## Exercise:
The lines from the top of the listing through the one containing "Partial fractions split" are to be retyped exactly, with no other lines.

## Provided data:
(* For every integer $n\geqslant1$, \[ \sum_{k=0}^{n-1}(-1)^{n+k}\frac{(2n+1)(2k+1)}{(n-k)^{2}(n+k+1)^{2}} =-\frac{\pi^{2}}{12}+\psi_{1}(2n+1)-\frac{1}{2}\psi_{1}(n+1). \]
   Context: $\psi_1$ is the trigamma function, $\psi_1(z)=\frac{\mathrm{d}^2}{\mathrm{d}z^2}\ln\Gamma(z)$. *)

theory Defs
  imports "HOL-Analysis.Analysis"
begin

end

theory Submission
  imports Defs
begin

text \<open>
  Partial fractions split the k-th summand into the two terms
  \<open>(-1)^(j+1)/(j+1)^2\<close> with \<open>j = n-1-k\<close> and \<open>j = n+k\<close>, so the left-hand side is
  the alternating partial sum of \<open>1/j^2\<close> up to \<open>2n\<close>. Separating even and odd
  terms, that sum equals \<open>-H\<^sub>2(2n) + H\<^sub>2(n)/2\<close> with \<open>H\<^sub>2(m) = \<Sum>j=1..m. 1/j^2\<close>,
  and \<open>\<psi>\<^sub>1(m+1) = \<pi>^2/6 - H\<^sub>2(m)\<close>.
\<close>

lemma Polygamma_1_one: "Polygamma 1 (1::real) = pi^2 / 6"
proof -
  have "(\<lambda>k. inverse ((1 + of_nat k) ^ Suc 1)) sums ((-1) ^ Suc 1 * Polygamma 1 (1::real) / fact 1)"
    by (rule Polygamma_LIMSEQ) auto
  then have "(\<lambda>k::nat. 1 / (real k + 1)^2) sums Polygamma 1 (1::real)"
    by (simp add: inverse_eq_divide add.commute power2_eq_square)
  moreover have "(\<lambda>k::nat. 1 / (real k + 1)^2) sums (pi^2 / 6)"
    using inverse_squares_sums by (simp add: add.commute)
  ultimately show ?thesis
    by (rule sums_unique2)
qed

lemma Polygamma_1_of_nat_plus_one:
  "Polygamma 1 (real m + 1) = pi^2 / 6 - (\<Sum>k<m. 1 / (real k + 1)^2)"
proof -
  have "Polygamma 1 (1 + of_nat m) =
          Polygamma 1 (1::real) + (-1) ^ 1 * fact 1 * (\<Sum>k<m. 1 / (1 + of_nat k) ^ Suc 1)"
    by (rule Polygamma_plus_of_nat) auto
  then show ?thesis
    using Polygamma_1_one by (simp add: add.commute power2_eq_square)
qed

lemma sum_lessThan_add:
  fixes g :: "nat \<Rightarrow> 'a::comm_monoid_add"
  shows "(\<Sum>k<n+m. g k) = (\<Sum>k<n. g k) + (\<Sum>k<m. g (n + k))"
  by (induction m) (simp_all add: add.assoc)

definition alternating_inverse_square :: "nat \<Rightarrow> real" where
  "alternating_inverse_square j = (-1) ^ (j + 1) / (real j + 1)^2"

lemma sum_alternating_inverse_square:
  "(\<Sum>j<2*n. alternating_inverse_square j) =
     - (\<Sum>j<2*n. 1 / (real j + 1)^2) + (\<Sum>j<n. 1 / (real j + 1)^2) / 2"
proof -
  have pair: "(\<Sum>j\<in>{m*2..<m*2+2}. alternating_inverse_square j) =
                - (\<Sum>j\<in>{m*2..<m*2+2}. 1 / (real j + 1)^2) + 1 / (real m + 1)^2 / 2" for m
  proof -
    have "{m*2..<m*2+2} = {2*m, 2*m+1}" by auto
    moreover have "(2 * real m + 2)^2 = 4 * (real m + 1)^2"
      by (simp add: power2_eq_square algebra_simps)
    ultimately show ?thesis
      by (simp add: alternating_inverse_square_def field_simps)
  qed
  have "(\<Sum>j<2*n. alternating_inverse_square j) =
          (\<Sum>m<n. \<Sum>j\<in>{m*2..<m*2+2}. alternating_inverse_square j)"
    unfolding mult.commute[of 2 n] by (rule sum.nat_group[symmetric])
  also have "\<dots> = (\<Sum>m<n. - (\<Sum>j\<in>{m*2..<m*2+2}. 1 / (real j + 1)^2) + 1 / (real m + 1)^2 / 2)"
    by (rule sum.cong[OF refl pair])
  also have "\<dots> = - (\<Sum>j<2*n. 1 / (real j + 1)^2) + (\<Sum>j<n. 1 / (real j + 1)^2) / 2"
    unfolding sum.distrib sum_negf sum_divide_distrib mult.commute[of 2 n] sum.nat_group ..
  finally show ?thesis .
qed

lemma inverse_square_diff:
  fixes a b s :: "'a::field"
  assumes "a \<noteq> 0" "b \<noteq> 0"
  shows "s * ((a + b) * (b - a)) / (a^2 * b^2) = s / a^2 - s / b^2"
  using assms by (simp add: field_simps power2_eq_square)

lemma summand_partial_fractions:
  assumes "k < n"
  shows "(-1::real)^(n+k) * ((2*real n+1)*(2*real k+1)) / ((real n - real k)^2 * (real n + real k + 1)^2)
         = alternating_inverse_square (n - Suc k) + alternating_inverse_square (n + k)"
proof -
  have nonzero: "real n - real k \<noteq> 0" "real n + real k + 1 \<noteq> 0"
    using assms by linarith+
  have "(-1::real)^(n+k) = (-1)^((n-k) + 2*k)"
    using assms by (simp add: algebra_simps)
  then have sign: "(-1::real)^(n+k) = (-1)^(n-k)"
    by (simp add: power_add)
  have factor: "(2*real n+1)*(2*real k+1) =
      ((real n - real k) + (real n + real k + 1)) * ((real n + real k + 1) - (real n - real k))"
    by (simp add: algebra_simps)
  have "alternating_inverse_square (n - Suc k) = (-1)^(n+k) / (real n - real k)^2"
    using assms by (simp add: alternating_inverse_square_def sign Suc_diff_Suc of_nat_diff)
  moreover have "alternating_inverse_square (n + k) = - ((-1)^(n+k) / (real n + real k + 1)^2)"
    by (simp add: alternating_inverse_square_def)
  moreover have "(-1::real)^(n+k) * ((2*real n+1)*(2*real k+1)) / ((real n - real k)^2 * (real n + real k + 1)^2)
      = (-1)^(n+k) / (real n - real k)^2 - (-1)^(n+k) / (real n + real k + 1)^2"
    unfolding factor by (rule inverse_square_diff[OF nonzero])
  ultimately show ?thesis
    by simp
qed

theorem mainTheorem8:
  fixes n :: nat
  assumes "n \<ge> 1"
  shows "(\<Sum>k=0..n-1. (-1::real)^(n+k) * ((2*real n+1)*(2*real k+1))
            / ((real n - real k)^2 * (real n + real k + 1)^2))
         = - (pi^2 / 12) + Polygamma 1 (2*real n + 1) - (1/2) * Polygamma 1 (real n + 1)"
proof -
  have "{0..n-1} = {..<n}" using assms by auto
  then have "(\<Sum>k=0..n-1. (-1::real)^(n+k) * ((2*real n+1)*(2*real k+1))
            / ((real n - real k)^2 * (real n + real k + 1)^2))
        = (\<Sum>k<n. alternating_inverse_square (n - Suc k)) + (\<Sum>k<n. alternating_inverse_square (n + k))"
    by (simp add: summand_partial_fractions sum.distrib)
  also have "\<dots> = (\<Sum>j<2*n. alternating_inverse_square j)"
    by (simp add: sum.nat_diff_reindex sum_lessThan_add mult_2)
  also have "\<dots> = - (\<Sum>j<2*n. 1 / (real j + 1)^2) + (\<Sum>j<n. 1 / (real j + 1)^2) / 2"
    by (rule sum_alternating_inverse_square)
  finally have "(\<Sum>k=0..n-1. (-1::real)^(n+k) * ((2*real n+1)*(2*real k+1))
            / ((real n - real k)^2 * (real n + real k + 1)^2))
        = - (\<Sum>j<2*n. 1 / (real j + 1)^2) + (\<Sum>j<n. 1 / (real j + 1)^2) / 2" .
  moreover have "Polygamma 1 (2*real n + 1) = pi^2 / 6 - (\<Sum>j<2*n. 1 / (real j + 1)^2)"
    using Polygamma_1_of_nat_plus_one[of "2*n"] by simp
  ultimately show ?thesis
    using Polygamma_1_of_nat_plus_one[of n] by linarith
qed

end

## Completed task:
(* For every integer $n\geqslant1$, \[ \sum_{k=0}^{n-1}(-1)^{n+k}\frac{(2n+1)(2k+1)}{(n-k)^{2}(n+k+1)^{2}} =-\frac{\pi^{2}}{12}+\psi_{1}(2n+1)-\frac{1}{2}\psi_{1}(n+1). \]
   Context: $\psi_1$ is the trigamma function, $\psi_1(z)=\frac{\mathrm{d}^2}{\mathrm{d}z^2}\ln\Gamma(z)$. *)

theory Defs
  imports "HOL-Analysis.Analysis"
begin

end

theory Submission
  imports Defs
begin

text \<open>
  Partial fractions split the k-th summand into the two terms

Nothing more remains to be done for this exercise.